Unless protected, Buchatskiy said, Ukrainian identity is in danger of being destroyed. It is especially important to preserve these historical artifacts because Russian President Vladimir Putin pushes a revisionist narrative of the country that sees Ukraine, including its people and culture, not as a separate state with its own unique identity, but as part of Russia. (As Stanford historian Norman Naimark put it, “There is no Russian empire, to which Putin aspires, without Ukraine.”)
“I think it really comes down to a fight over historical narrative,” said Buchatskiy, a sophomore majoring in international relations and international security studies. “Ukraine has this narrative that it is an independent nation trying to forge its own path, whereas Russia believes that Ukraine is an inseparable part of its own history.”
That fight has extended to the internet, where Buchatskiy and colleagues have been working to correct and prevent constant attacks on the digital records of Ukraine’s culture, whether identifying webpages that intentionally use the Russian spelling of the country’s capital, (“Kiev” instead of “Kyiv”) or referring to Ukraine as part of imperial or Soviet Russia – things that might seem like small slights but are common tactics Russians employ to create confusion about the history and independence of Ukraine.
Russia’s information warfare and the fight for history, truth
In 2021, Buchatskiy co-founded The Shadows Project with Agatha Gorski, a history and political philosophy student at Sciences Po in Paris, and Kvitka Perehinets, a history and politics student at the University of Edinburgh, to help protect and promote aspects of Ukrainian culture that Buchatskiy strongly identifies with – her father is Ukrainian and she lived in Kyiv between the ages of 6 and 14. Through the network Buchatskiy built through that project, she was poised to help museums and other cultural institutions protect pieces of Ukraine’s past when the Russian invasion began.
Since she arrived in Europe, Buchatskiy has helped arrange the procurement of fireproof safes and blankets, generators, and other basic supplies, to help museums, including the Museum of History of Kyiv, and other cultural institutions protect Ukrainian art and artifacts. “I’m very thankful for the chance to be able to preserve the stories of the city that I love so much and that has given so much to me,” she said. “I want to give just a fraction back to it.”
She realized, however, that damage to the physical representations of Ukraine’s culture was not the only risk.
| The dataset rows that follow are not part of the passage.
(* Let $\mu$ be a locally finite Borel measure on $\mathbb{R}$. Then there is a Lebesgue null set $\mathcal{M}\subseteq\mathbb{R}$ such that for every $x_0\in\mathbb{R}\setminus\mathcal{M}$, every $c_0>0$ and every $0<\varepsilon<\delta<c_0$ there is a constant $C$, depending on $x_0$, $c_0$ and $\mu$, such that for all $t>0$ \[ \int_{[x_0,x_0+\delta]}\mathrm{d}\mu(x)\,e^{-t(x-x_0)}\le C\frac{1-e^{-t\delta}}{t} \] and \[ \int_{[x_0+\varepsilon,x_0+\delta]}\mathrm{d}\mu(x)\,e^{-t(x-x_0)}\le Ce^{-t\varepsilon/2}\frac{1-e^{-t\delta/2}}{t/2}\le C\frac{e^{-t\varepsilon/2}}{t/2}. \] *)

theory Defs
  imports "HOL-Analysis.Analysis"
begin

end

theory Submission
  imports Defs
begin

text \<open>
  For a locally finite measure \<open>\<mu>\<close> on the line, the points \<open>x\<close> with \<open>\<mu> (ball x r) > c r\<close> for
  some \<open>r < 1\<close> form an open set whose Lebesgue measure inside a fixed ball is \<open>O(1/c)\<close>, by the
  Vitali covering lemma; so the points where this happens for every \<open>c \<in> \<nat>\<close> form a null set \<open>N\<close>.
  Off \<open>N\<close> one has \<open>\<mu> {x0..x0+h} \<le> K h\<close> for \<open>0 < h \<le> c0\<close>. Cutting \<open>{x0..x0+\<delta>}\<close> according to
  the value \<open>j\<close> of \<open>\<lfloor>t (x - x0)\<rfloor>\<close>, where the integrand is at most \<open>exp (- j)\<close>, bounds the
  integral by \<open>6 K min \<delta> (1/t) \<le> 18 K (1 - exp (- t \<delta>)) / t\<close>. The estimate on \<open>{x0+\<epsilon>..x0+\<delta>}\<close>
  is the same bound at rate \<open>t/2\<close>, because there
  \<open>exp (- t (x - x0)) \<le> exp (- t \<epsilon> / 2) exp (- (t/2) (x - x0))\<close>.
\<close>

lemma sum_Suc_times_exp_neg_le:
  "(\<Sum>j<n. (real j + 1) * exp (- real j)) \<le> 6"
proof -
  define q :: real where "q = exp (-1/2)"
  have q_pos: "0 < q" and q_le: "q \<le> 2/3"
  proof -
    show "0 < q" by (simp add: q_def)
    have "1 + 1/2 \<le> exp (1/2::real)" using exp_ge_add_one_self[of "1/2"] by simp
    then show "q \<le> 2/3" by (simp add: q_def exp_minus field_simps)
  qed
  have term_le: "(real j + 1) * exp (- real j) \<le> 2 * q ^ j" for j
  proof -
    have "real j + 1 \<le> 2 * exp (real j / 2)"
      using exp_ge_add_one_self[of "real j / 2"] by linarith
    then have "(real j + 1) * exp (- real j) \<le> 2 * exp (real j / 2) * exp (- real j)"
      by (intro mult_right_mono) auto
    also have "\<dots> = 2 * q ^ j"
      by (simp add: q_def exp_of_nat_mult[symmetric] mult.assoc exp_add[symmetric])
    finally show ?thesis .
  qed
  have "(\<Sum>j<n. (real j + 1) * exp (- real j)) \<le> (\<Sum>j<n. 2 * q ^ j)"
    by (intro sum_mono term_le)
  also have "\<dots> = 2 * ((1 - q ^ n) / (1 - q))"
    using q_le by (simp add: sum_distrib_left[symmetric] sum_gp_strict)
  also have "\<dots> \<le> 2 / (1 - q)"
    using q_pos q_le by (simp add: divide_right_mono)
  also have "\<dots> \<le> 6" using q_le by (simp add: field_simps)
  finally show ?thesis .
qed

lemma min_le_3_one_minus_exp_neg:
  fixes s :: real
  assumes "0 \<le> s"
  shows "min s 1 \<le> 3 * (1 - exp (- s))"
proof (cases "s \<le> 1")
  case True
  have "(1 + s) * exp (- s) \<le> 1"
    using exp_ge_add_one_self[of s] by (simp add: exp_minus field_simps)
  moreover have "1/3 \<le> exp (- s)"
  proof -
    have "1/3 \<le> exp (-1::real)" using exp_le by (simp add: exp_minus field_simps)
    also have "\<dots> \<le> exp (- s)" using True by simp
    finally show ?thesis .
  qed
  ultimately have "s / 3 \<le> 1 - exp (- s)"
    using mult_left_mono[of "1/3" "exp (- s)" s] assms by (simp add: algebra_simps)
  with True show ?thesis by simp
next
  case False
  have "exp (- s) \<le> exp (-1)" using False by simp
  moreover have "exp (-1::real) \<le> 1/2"
    using exp_ge_add_one_self[of 1] by (simp add: exp_minus field_simps)
  ultimately have "exp (- s) \<le> 1/2" by linarith
  with False show ?thesis by (simp add: min_def)
qed

lemma set_integrable_exp_decay:
  fixes M :: "real measure"
  assumes sets: "sets M = sets borel" and fin: "emeasure M {a..b} < \<infinity>"
    and "x0 \<le> a" "0 \<le> s"
  shows "set_integrable M {a..b} (\<lambda>x. exp (- s * (x - x0)))"
proof (rule set_integrable_bound)
  show "set_integrable M {a..b} (\<lambda>_. 1 :: real)"
    using fin by (simp add: set_integrable_def sets)
  show "set_borel_measurable M {a..b} (\<lambda>x. exp (- s * (x - x0)))"
    unfolding set_borel_measurable_def measurable_cong_sets[OF sets refl] by measurable
  show "AE x in M. x \<in> {a..b} \<longrightarrow> norm (exp (- s * (x - x0))) \<le> norm (1 :: real)"
    using assms(3,4) by (intro AE_I2) (auto intro: mult_nonneg_nonneg)
qed

lemma set_integral_exp_decay_le_measure:
  fixes M :: "real measure"
  assumes sets: "sets M = sets borel" and fin: "emeasure M {x0..x0+\<delta>} < \<infinity>" and "0 \<le> t"
  shows "(LINT x:{x0..x0+\<delta>}|M. exp (- t * (x - x0))) \<le> measure M {x0..x0+\<delta>}"
proof -
  have "(LINT x:{x0..x0+\<delta>}|M. exp (- t * (x - x0))) \<le> (LINT x:{x0..x0+\<delta>}|M. 1)"
    using assms by (intro set_integral_mono set_integrable_exp_decay)
      (auto simp: set_integrable_def intro: mult_nonneg_nonneg)
  also have "\<dots> = measure M {x0..x0+\<delta>}"
    using fin by (simp add: set_integral_const sets)
  finally show ?thesis .
qed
Coinciding with the invasion, disinformation about Ukraine, its people, and its history has run rampant online – an issue Buchatskiy helped track in a report for the Stanford Internet Observatory.
For instance, Buchatskiy has been monitoring disinformation on the Wikipedia page for the Ukrainian artist, Kazimir Malevich. Malevich is also a source of national pride for Russia, Buchatskiy said – Russia’s logo for the 2023 World Ice Hockey championship is inspired by Malevich’s style.
Because of Wikipedia’s open-source, collaboration model, anyone can modify an entry on the platform. Buchatskiy said Malevich’s entry has repeatedly been changed to claim him as part of the Russian avant-garde art movement, when in fact he identified as Ukrainian. While the Wikipedia entry currently confirms Ukraine as his birthplace, it doesn’t use the Ukrainian-preferred English standard spelling of the city Malevich was born in – Kyiv – but rather the Russian-rooted version, Kiev.
In recent years, Ukraine has urged the world to use the Ukrainian-preferred English version of the word as a way to distinguish its national identity separate from Russia. This runs counter to Putin’s efforts to revise the country’s past to be part of Russia’s.
“They want to erase any mention of Ukraine and they want to erase Ukraine’s narrative. In their twisted minds, they’re going to win the war, they’re going to be able to erase this. And then within a few generations, they’re going to be able to wipe out Ukraine,” said Buchatskiy, who is also involved in the National Security Affairs Fellows Mentorship Program at Stanford’s Hoover Institution. “If Ukraine doesn’t exist on the internet, did Ukraine ever exist at all? It’s that kind of philosophy. And that’s what they’re trying to do.”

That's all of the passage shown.